Exercise data
-- Opening Marker --
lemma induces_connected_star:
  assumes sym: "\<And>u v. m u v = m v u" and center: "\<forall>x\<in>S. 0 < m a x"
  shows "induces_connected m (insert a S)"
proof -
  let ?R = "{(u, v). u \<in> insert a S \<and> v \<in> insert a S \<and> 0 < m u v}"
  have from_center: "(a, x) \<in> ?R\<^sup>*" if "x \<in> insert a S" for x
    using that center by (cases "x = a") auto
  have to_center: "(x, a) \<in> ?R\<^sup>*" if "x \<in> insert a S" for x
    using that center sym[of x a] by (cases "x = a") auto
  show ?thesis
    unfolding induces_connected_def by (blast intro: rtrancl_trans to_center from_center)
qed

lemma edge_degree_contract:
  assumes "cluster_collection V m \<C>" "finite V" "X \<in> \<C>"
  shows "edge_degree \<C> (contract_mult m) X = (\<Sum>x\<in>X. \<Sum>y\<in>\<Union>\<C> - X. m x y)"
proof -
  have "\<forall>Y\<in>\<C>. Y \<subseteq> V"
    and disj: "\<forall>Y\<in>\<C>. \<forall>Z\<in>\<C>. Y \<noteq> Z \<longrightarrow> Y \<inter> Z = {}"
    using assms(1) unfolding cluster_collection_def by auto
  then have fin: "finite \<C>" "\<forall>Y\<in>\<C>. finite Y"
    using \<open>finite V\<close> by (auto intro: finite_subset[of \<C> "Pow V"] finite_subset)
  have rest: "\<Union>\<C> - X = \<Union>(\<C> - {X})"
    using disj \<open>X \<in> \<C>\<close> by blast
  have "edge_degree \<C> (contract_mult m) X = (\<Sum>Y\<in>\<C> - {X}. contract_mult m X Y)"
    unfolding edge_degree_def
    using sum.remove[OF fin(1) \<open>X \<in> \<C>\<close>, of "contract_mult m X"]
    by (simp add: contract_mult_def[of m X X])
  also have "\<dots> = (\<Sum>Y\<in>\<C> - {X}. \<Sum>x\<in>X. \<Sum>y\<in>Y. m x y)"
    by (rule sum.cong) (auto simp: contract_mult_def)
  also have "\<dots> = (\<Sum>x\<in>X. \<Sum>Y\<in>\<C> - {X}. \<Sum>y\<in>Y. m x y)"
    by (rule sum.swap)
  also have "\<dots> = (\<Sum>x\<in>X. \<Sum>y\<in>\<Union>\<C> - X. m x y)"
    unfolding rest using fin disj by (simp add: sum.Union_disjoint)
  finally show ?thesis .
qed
-- Closing Marker --
-- Opening Marker --
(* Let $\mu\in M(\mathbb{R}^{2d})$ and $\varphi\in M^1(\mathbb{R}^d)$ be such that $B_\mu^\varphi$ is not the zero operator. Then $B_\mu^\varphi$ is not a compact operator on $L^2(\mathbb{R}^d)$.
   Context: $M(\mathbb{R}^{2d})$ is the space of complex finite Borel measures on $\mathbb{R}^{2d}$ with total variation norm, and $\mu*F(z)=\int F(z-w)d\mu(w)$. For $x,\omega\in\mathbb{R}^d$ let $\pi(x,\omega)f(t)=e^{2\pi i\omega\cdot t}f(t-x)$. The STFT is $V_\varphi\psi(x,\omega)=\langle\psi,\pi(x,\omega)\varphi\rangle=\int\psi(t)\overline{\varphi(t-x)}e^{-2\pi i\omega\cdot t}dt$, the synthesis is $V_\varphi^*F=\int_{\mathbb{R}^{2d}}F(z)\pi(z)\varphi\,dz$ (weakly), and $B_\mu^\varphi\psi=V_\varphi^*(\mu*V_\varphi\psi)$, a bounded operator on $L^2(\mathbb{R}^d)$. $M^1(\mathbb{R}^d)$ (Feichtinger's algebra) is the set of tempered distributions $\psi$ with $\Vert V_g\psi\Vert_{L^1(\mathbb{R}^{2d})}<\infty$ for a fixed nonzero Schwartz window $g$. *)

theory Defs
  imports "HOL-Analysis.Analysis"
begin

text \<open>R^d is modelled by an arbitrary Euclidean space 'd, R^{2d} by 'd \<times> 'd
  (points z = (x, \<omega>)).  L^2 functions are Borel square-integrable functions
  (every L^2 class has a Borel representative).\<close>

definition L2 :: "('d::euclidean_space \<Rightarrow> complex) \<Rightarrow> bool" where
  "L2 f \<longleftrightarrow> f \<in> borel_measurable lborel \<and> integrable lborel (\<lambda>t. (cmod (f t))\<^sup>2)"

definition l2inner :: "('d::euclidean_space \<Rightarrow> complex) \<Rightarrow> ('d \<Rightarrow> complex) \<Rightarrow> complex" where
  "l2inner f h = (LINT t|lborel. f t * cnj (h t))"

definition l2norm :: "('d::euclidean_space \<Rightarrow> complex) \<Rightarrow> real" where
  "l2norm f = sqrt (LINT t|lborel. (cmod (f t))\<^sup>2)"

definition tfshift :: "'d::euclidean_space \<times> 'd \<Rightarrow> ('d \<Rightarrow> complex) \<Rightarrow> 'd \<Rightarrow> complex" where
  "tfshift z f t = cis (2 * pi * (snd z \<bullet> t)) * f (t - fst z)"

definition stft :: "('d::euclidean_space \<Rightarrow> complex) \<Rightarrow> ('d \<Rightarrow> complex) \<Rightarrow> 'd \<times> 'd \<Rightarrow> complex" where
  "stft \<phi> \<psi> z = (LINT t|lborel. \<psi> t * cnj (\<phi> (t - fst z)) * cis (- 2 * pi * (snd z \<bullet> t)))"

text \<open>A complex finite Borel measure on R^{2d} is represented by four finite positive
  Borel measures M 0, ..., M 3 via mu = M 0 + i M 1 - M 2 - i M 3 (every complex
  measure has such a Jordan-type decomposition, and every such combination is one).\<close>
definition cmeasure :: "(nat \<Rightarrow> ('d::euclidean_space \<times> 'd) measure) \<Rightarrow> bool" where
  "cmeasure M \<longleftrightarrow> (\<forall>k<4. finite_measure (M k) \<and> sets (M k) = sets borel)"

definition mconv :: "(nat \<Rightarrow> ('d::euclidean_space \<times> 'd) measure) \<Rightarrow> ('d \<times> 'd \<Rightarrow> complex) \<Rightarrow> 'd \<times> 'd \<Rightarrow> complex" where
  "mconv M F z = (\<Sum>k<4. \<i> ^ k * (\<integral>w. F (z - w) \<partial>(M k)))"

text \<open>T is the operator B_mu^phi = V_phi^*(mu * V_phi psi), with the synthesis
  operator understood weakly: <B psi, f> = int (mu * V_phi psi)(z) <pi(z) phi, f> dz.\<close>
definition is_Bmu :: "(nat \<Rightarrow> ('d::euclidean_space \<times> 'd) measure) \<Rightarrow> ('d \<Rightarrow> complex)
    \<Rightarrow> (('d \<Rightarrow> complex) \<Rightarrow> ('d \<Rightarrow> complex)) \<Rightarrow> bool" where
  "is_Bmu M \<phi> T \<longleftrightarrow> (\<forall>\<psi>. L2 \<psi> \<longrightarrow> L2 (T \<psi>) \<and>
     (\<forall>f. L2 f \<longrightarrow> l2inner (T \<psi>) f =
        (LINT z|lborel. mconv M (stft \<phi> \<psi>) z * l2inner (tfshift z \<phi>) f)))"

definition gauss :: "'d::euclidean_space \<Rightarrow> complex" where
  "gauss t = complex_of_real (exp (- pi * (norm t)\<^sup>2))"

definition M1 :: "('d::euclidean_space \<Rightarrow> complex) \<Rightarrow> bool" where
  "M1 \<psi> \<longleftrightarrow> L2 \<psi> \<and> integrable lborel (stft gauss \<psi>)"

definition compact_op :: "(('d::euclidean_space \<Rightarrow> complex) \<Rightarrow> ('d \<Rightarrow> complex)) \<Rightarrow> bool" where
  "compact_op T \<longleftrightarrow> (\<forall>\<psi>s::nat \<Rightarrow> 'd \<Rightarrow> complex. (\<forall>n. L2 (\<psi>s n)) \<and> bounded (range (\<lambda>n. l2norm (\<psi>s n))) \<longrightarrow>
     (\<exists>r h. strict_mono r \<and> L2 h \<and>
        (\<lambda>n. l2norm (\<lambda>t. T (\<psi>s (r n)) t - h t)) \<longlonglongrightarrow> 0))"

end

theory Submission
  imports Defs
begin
-- Closing Marker --
Problem description
Tally the lines in the records containing the string "every"; output only the tally.

Exercise output
3